Никто не стал возражать. Хрипатый кивнул и сплюнул. Гоблин, ворча, принялся собирать вещи. Остальные последовали его примеру. Мурген с заслуживающей одобрения аккуратностью отложил свою книгу. Пожалуй, из этого парня выйдет летописец.

И каждый из нас, когда считал, что прочие не заметят его беспокойства, украдкой поглядывал на север.

А я, когда не смотрел туда и не терзал себя, обмениваясь взглядами с Госпожой, пытался оценить реакцию наших новичков. Мы пока что не столкнулись с мощным колдовством напрямую, однако Отряд вполне может набрести на него по пути. Рекруты, похоже, испугались не больше, чем старослужащие.

Поглядывая на Госпожу, я размышлял, способно ли то, что было, с одной стороны, неизбежно, а с другой – обречено, залечить трещину между нами. А если залечит, не перекорежит ли все прочие наши отношения? Черт побери, я просто люблю ее – как друга.

Нет на свете ничего столь непоследовательного, иррационального и слепого – и, кстати, просто глупого, – как мужчина, доведший себя до всепоглощающей страсти.

Вот женщины вовсе не выглядят глупо – им положено быть слабыми. А кроме того, им положено превращаться в бешеных сук, если их разочаровать.

13. Немного о последней ночи Лебедя

Лебедь, Корди Мэзер и Нож все еще владели таверной. В основном потому, что получили одобрение Прабриндра Дра. Но дела шли неважно. Жрецы обнаружили, что не могут управлять пришельцами напрямую, потому объявили их нежелательными персонами. А большинство таглиосцев слушались жрецов.

– Это наглядно показывает, сколько у людей здравого смысла, – сказал Нож. – Было бы хоть чуть-чуть, они бы давно своих святош окунули в реку да подержали часок, и те бы поняли: они просто трутни.

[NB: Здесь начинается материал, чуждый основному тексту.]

(* There is a function $\varepsilon(n)=o(n)$ such that for all sufficiently large $n$ and all integers $k$ with $\sqrt n\le k\le n$, $$d(k,n)\le 2k\sqrt n-n+\varepsilon(n).$$
   Context: $[n]=\{1,\dots,n\}$; for $A\subset\mathbb Z$, $A-A=\{a-b:a,b\in A\}$. Define $d(k,n)=\max\{|A-A|: A\subseteq[n],\ |A|=k\}$. *)

theory Defs
  imports Complex_Main "HOL-Library.Landau_Symbols"
begin

definition diffset :: "int set \<Rightarrow> int set" where
  "diffset A = {a - b | a b. a \<in> A \<and> b \<in> A}"

definition dkn :: "nat \<Rightarrow> nat \<Rightarrow> nat" where
  "dkn k n = Max {card (diffset A) | A. A \<subseteq> {1..int n} \<and> card A = k}"

end

theory Submission
  imports Defs "HOL-Real_Asymp.Real_Asymp"
begin

text \<open>
  Write A = {a_0 < ... < a_(k-1)}, fix K \<le> k and split the pairs i < j at the index gap
  m = k - K. The differences a_j - a_i with j - i \<le> m are distinct positive integers whose
  total is at most (n - 1) m (m + 1) / 2, because for a fixed gap d the sum of the a_(i+d) - a_i
  is the sum of the d largest minus the d smallest elements; so there are at most (m + 1) \<surd>n
  of them. Only K (K - 1) / 2 pairs have a larger gap. As A - A consists of 0 and the positive
  differences with their negatives, |A - A| \<le> 2 (m + 1) \<surd>n + K (K - 1) + 1, and the choice
  K = \<lceil>\<surd>n\<rceil> turns this into 2 k \<surd>n - n + O(\<surd>n).
\<close>

lemma diffset_eq_image: "diffset A = (\<lambda>(a, b). a - b) ` (A \<times> A)"
  by (auto simp: diffset_def)

lemma finite_diffset: "finite A \<Longrightarrow> finite (diffset A)"
  by (simp add: diffset_eq_image)

lemma uminus_mem_diffset: "d \<in> diffset A \<Longrightarrow> - d \<in> diffset A"
  by (force simp: diffset_def)

lemma card_diffset_le_positive:
  assumes "finite A"
  shows "card (diffset A) \<le> 2 * card {d \<in> diffset A. 0 < d} + 1"
proof -
  let ?P = "{d \<in> diffset A. 0 < d}"
  have finP: "finite ?P"
    using finite_diffset[OF assms] by simp
  have "diffset A \<subseteq> ?P \<union> uminus ` ?P \<union> {0}"
  proof
    fix d assume "d \<in> diffset A"
    with uminus_mem_diffset[of d A] show "d \<in> ?P \<union> uminus ` ?P \<union> {0}"
      by (cases "0 < d"; cases "d = 0") (auto intro!: image_eqI[of d uminus "- d"])
  qed
  then have "card (diffset A) \<le> card (?P \<union> uminus ` ?P \<union> {0})"
    using finP by (intro card_mono) auto
  also have "\<dots> \<le> card ?P + card (uminus ` ?P) + 1"
    using card_Un_le[of "?P \<union> uminus ` ?P" "{0}"] card_Un_le[of ?P "uminus ` ?P"] by simp
  also have "\<dots> \<le> 2 * card ?P + 1"
    using card_image_le[OF finP, of uminus] by simp
  finally show ?thesis .
qed

lemma finite_strict_mono_enumeration:
  fixes A :: "'a::linorder set"
  assumes "finite A"
  obtains f where "strict_mono_on {..<card A} f" "A = f ` {..<card A}"
proof
  let ?xs = "sorted_list_of_set A"
  have len: "length ?xs = card A" by simp
  show "strict_mono_on {..<card A} (\<lambda>i. ?xs ! i)"
    using sorted_wrt_nth_less[OF strict_sorted_list_of_set] len
    by (auto simp: strict_mono_on_def)
  show "A = (\<lambda>i. ?xs ! i) ` {..<card A}"
    using set_sorted_list_of_set[OF assms] len by (auto simp: set_conv_nth)
qed

lemma positive_diffset_enumeration:
  fixes f :: "nat \<Rightarrow> int"
  assumes "strict_mono_on {..<k} f"
  shows "{d \<in> diffset (f ` {..<k}). 0 < d} = (\<lambda>(i, j). f j - f i) ` {(i, j). i < j \<and> j < k}"
proof safe
  fix d assume "d \<in> diffset (f ` {..<k})" "0 < d"
  then obtain i j where ij: "i < k" "j < k" "d = f j - f i"
    by (auto simp: diffset_def)
  with \<open>0 < d\<close> have "i < j"
    using strict_mono_on_less[OF assms, of i j] by simp
  with ij show "d \<in> (\<lambda>(i, j). f j - f i) ` {(i, j). i < j \<and> j < k}"
    by force
next
  fix i j assume "i < j" "j < k"
  then show "f j - f i \<in> diffset (f ` {..<k})"
    unfolding diffset_eq_image by (intro image_eqI[of _ _ "(f j, f i)"]) auto
  show "0 < f j - f i"
    using strict_mono_onD[OF assms, of i j] \<open>i < j\<close> \<open>j < k\<close> by simp
qed

lemma finite_strict_pairs: "finite {(i :: nat, j). i < j \<and> j < k}"
  by (rule finite_subset[of _ "{..<k} \<times> {..<k}"]) auto

lemma card_strict_pairs: "2 * card {(i :: nat, j). i < j \<and> j < K} = K * (K - 1)"
proof (induction K)
  case 0
  then show ?case by simp
next
  case (Suc K)
  have split: "{(i :: nat, j). i < j \<and> j < Suc K}
      = {(i, j). i < j \<and> j < K} \<union> (\<lambda>i. (i, K)) ` {..<K}"
    by auto
  from finite_strict_pairs[of K]
  have "card {(i :: nat, j). i < j \<and> j < Suc K} = card {(i, j). i < j \<and> j < K} + K"
    unfolding split by (subst card_Un_disjoint) (auto simp: card_image inj_on_def)
  then show ?case using Suc.IH by (cases K) (auto simp: algebra_simps)
qed

lemma card_times_Suc_card_le_twice_sum:
  fixes S :: "int set"
  assumes "finite S" "\<And>s. s \<in> S \<Longrightarrow> 1 \<le> s"
  shows "int (card S) * (int (card S) + 1) \<le> 2 * \<Sum>S"
  using assms
proof (induction "card S" arbitrary: S)
  case 0
  then show ?case by simp
next
  case (Suc c)
  define M where "M = Max S"
  have "S \<noteq> {}" using Suc.hyps(2) by auto
  then have "M \<in> S" using Suc.prems(1) by (simp add: M_def)
  have "card (S - {M}) = c" using Suc.hyps(2) \<open>M \<in> S\<close> by simp
  then have IH: "int c * (int c + 1) \<le> 2 * \<Sum>(S - {M})"
    using Suc.hyps(1)[of "S - {M}"] Suc.prems by auto
  have "S \<subseteq> {1..M}" using Suc.prems by (auto simp: M_def)
  then have "card S \<le> nat M" using card_mono[of "{1..M}" S] by simp
  moreover have "\<Sum>S = M + \<Sum>(S - {M})"
    using Suc.prems(1) \<open>M \<in> S\<close> by (simp add: sum.remove)
  ultimately show ?case using IH Suc.hyps(2)[symmetric] by (simp add: algebra_simps)
qed

lemma sum_gap_differences_le:
  fixes f :: "nat \<Rightarrow> int"
  assumes range: "\<And>i. i < k \<Longrightarrow> f i \<in> {1..c}" and "d \<le> k"
  shows "(\<Sum>i<k - d. f (i + d) - f i) \<le> int d * (c - 1)"
proof -
  have "(\<Sum>i<k - d. f (i + d)) = (\<Sum>i = d..<k. f i)"
    using sum.shift_bounds_nat_ivl[of f 0 d "k - d"] \<open>d \<le> k\<close> by (simp add: lessThan_atLeast0)
  also have "\<dots> = (\<Sum>i<k. f i) - (\<Sum>i<d. f i)"
    using sum.atLeastLessThan_concat[of 0 d k f] \<open>d \<le> k\<close> by (simp add: lessThan_atLeast0)
  also have "(\<Sum>i<k. f i) = (\<Sum>i<k - d. f i) + (\<Sum>i = k - d..<k. f i)"
    using sum.atLeastLessThan_concat[of 0 "k - d" k f] by (simp add: lessThan_atLeast0)
  finally have "(\<Sum>i<k - d. f (i + d) - f i) = (\<Sum>i = k - d..<k. f i) - (\<Sum>i<d. f i)"
    by (simp add: sum_subtractf)
  also have "\<dots> \<le> int d * c - int d * 1"
  proof (rule diff_mono)
    show "(\<Sum>i = k - d..<k. f i) \<le> int d * c"
      using sum_bounded_above[of "{k - d..<k}" f c] range \<open>d \<le> k\<close> by simp
    show "int d * 1 \<le> (\<Sum>i<d. f i)"
      using sum_bounded_below[of "{..<d}" 1 f] range \<open>d \<le> k\<close> by simp
  qed
  finally show ?thesis by (simp add: algebra_simps)
qed

lemma sum_short_gap_differences_le:
  fixes f :: "nat \<Rightarrow> int"
  assumes range: "\<And>i. i < k \<Longrightarrow> f i \<in> {1..c}" and "m \<le> k"
  shows "2 * (\<Sum>(i, j) \<in> {(i, j). i < j \<and> j < k \<and> j \<le> i + m}. f j - f i)
           \<le> int m * (int m + 1) * (c - 1)"
proof -
  have pairs: "{(i, j). i < j \<and> j < k \<and> j \<le> i + m}
      = (\<lambda>(d, i). (i, i + d)) ` (SIGMA d:{1..m}. {..<k - d})"
  proof (rule set_eqI, rule iffI)
    fix p assume "p \<in> {(i, j). i < j \<and> j < k \<and> j \<le> i + m}"
    then obtain i j where "p = (i, j)" "i < j" "j < k" "j \<le> i + m" by auto
    then show "p \<in> (\<lambda>(d, i). (i, i + d)) ` (SIGMA d:{1..m}. {..<k - d})"
      by (intro image_eqI[of _ _ "(j - i, i)"]) auto
  qed auto
  have "(\<Sum>(i, j) \<in> {(i, j). i < j \<and> j < k \<and> j \<le> i + m}. f j - f i)
      = (\<Sum>d = 1..m. \<Sum>i<k - d. f (i + d) - f i)" (is "?S = _")
    unfolding pairs
    by (subst sum.reindex) (auto simp: inj_on_def sum.Sigma intro!: sum.cong split: prod.split)
  also have "\<dots> \<le> (\<Sum>d = 1..m. int d * (c - 1))"
    by (intro sum_mono sum_gap_differences_le) (use range \<open>m \<le> k\<close> in auto)
  also have "\<dots> = (\<Sum>d = 1..m. int d) * (c - 1)"
    by (simp add: sum_distrib_right)
  finally have twice: "2 * ?S \<le> 2 * ((\<Sum>d = 1..m. int d) * (c - 1))"
    by linarith
  have gauss: "2 * (\<Sum>d = 1..m. int d) = int m * (int m + 1)"
    using double_gauss_sum_from_Suc_0[of m] by simp
  show ?thesis
    using twice by (simp only: mult.assoc[symmetric] gauss)
qed

lemma card_short_gap_differences_le:
  fixes f :: "nat \<Rightarrow> int"
  assumes mono: "strict_mono_on {..<k} f" and range: "f ` {..<k} \<subseteq> {1..int n}" and "m \<le> k"
  shows "real (card ((\<lambda>(i, j). f j - f i) ` {(i, j). i < j \<and> j < k \<and> j \<le> i + m}))
           \<le> (real m + 1) * sqrt (real n)"
proof -
  define T where "T = {(i :: nat, j). i < j \<and> j < k \<and> j \<le> i + m}"
  define g where "g = (\<lambda>(i, j). f j - f i)"
  define N where "N = card (g ` T)"
  have finT: "finite T"
    by (rule finite_subset[OF _ finite_strict_pairs]) (auto simp: T_def)
  have pos: "1 \<le> g p" if p: "p \<in> T" for p
  proof -
    obtain i j where "p = (i, j)" "i < j" "j < k"
      using p by (cases p) (auto simp: T_def)
    then show ?thesis
      using strict_mono_onD[OF mono, of i j] by (simp add: g_def)
  qed
  have "int N * (int N + 1) \<le> 2 * \<Sum>(g ` T)"
    unfolding N_def using finT pos by (intro card_times_Suc_card_le_twice_sum) auto
  also have "2 * \<Sum>(g ` T) \<le> 2 * sum g T"
    using sum_image_le[OF finT, of id g] pos by fastforce
  also have "2 * sum g T \<le> int m * (int m + 1) * (int n - 1)"
    unfolding T_def g_def using range \<open>m \<le> k\<close> by (intro sum_short_gap_differences_le) auto
  finally have "real_of_int (int N * (int N + 1)) \<le> real_of_int (int m * (int m + 1) * (int n - 1))"
    by (simp only: of_int_le_iff)
  then have "real N * (real N + 1) \<le> real m * (real m + 1) * (real n - 1)"
    by simp
  then have "real N ^ 2 \<le> real m * (real m + 1) * (real n - 1)"
    by (simp add: power2_eq_square algebra_simps)
  also have "\<dots> \<le> (real m + 1) ^ 2 * real n"
    using mult_nonneg_nonneg[of "real m + 1" "real n"] by (simp add: power2_eq_square algebra_simps)
  also have "\<dots> = ((real m + 1) * sqrt (real n)) ^ 2"
    by (simp add: power_mult_distrib)
  finally have "real N ^ 2 \<le> ((real m + 1) * sqrt (real n)) ^ 2" .
  then show ?thesis
    unfolding N_def T_def g_def by (rule power2_le_imp_le) simp
qed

– Ты, Нож, сукин сын и зануда, каких свет не видел, – проворчал Лебедь. – Могу спорить: если бы мы тебя тогда не вытащили, крокодилы бы тебя выблевали. Такую тухлятину даже им не переварить.

Нож, усмехнувшись, отправился в заднюю комнату.

– Корди, – спросил Лебедь, – как полагаешь, может, эти жрецы и швырнули его крокодилам?

– Ага.

– Ничего сегодня выручка. В кои-то веки…

– Ага.

– А завтра, значит…

Лебедь осушил кружку залпом. В последнее время варево удавалось Корди куда лучше. Поднявшись, он ударил пустой посудой по стойке.

– Идущие на смерть приветствуют тебя, – сказал он по-таглиосски. – Пейте и веселитесь, детки. До завтра – и после. За счет заведения.

Он сел.

– Знаешь, как снова зазвать к нам публику? – спросил Корди.

– Ну зазовем, а надолго ли? Этому быстро положат конец. Ты отлично это понимаешь. Думаешь, жрецы угомонятся? Эх, добраться бы до них!..

Корди кивнул, но ничего не сказал. Плетеный Лебедь больше рычал, чем кусался.

– Значит, вверх по реке, – буркнул Лебедь. – Я тебе так скажу, Корди: вот эти ноги будут идти вверх по реке, пока в них силы есть.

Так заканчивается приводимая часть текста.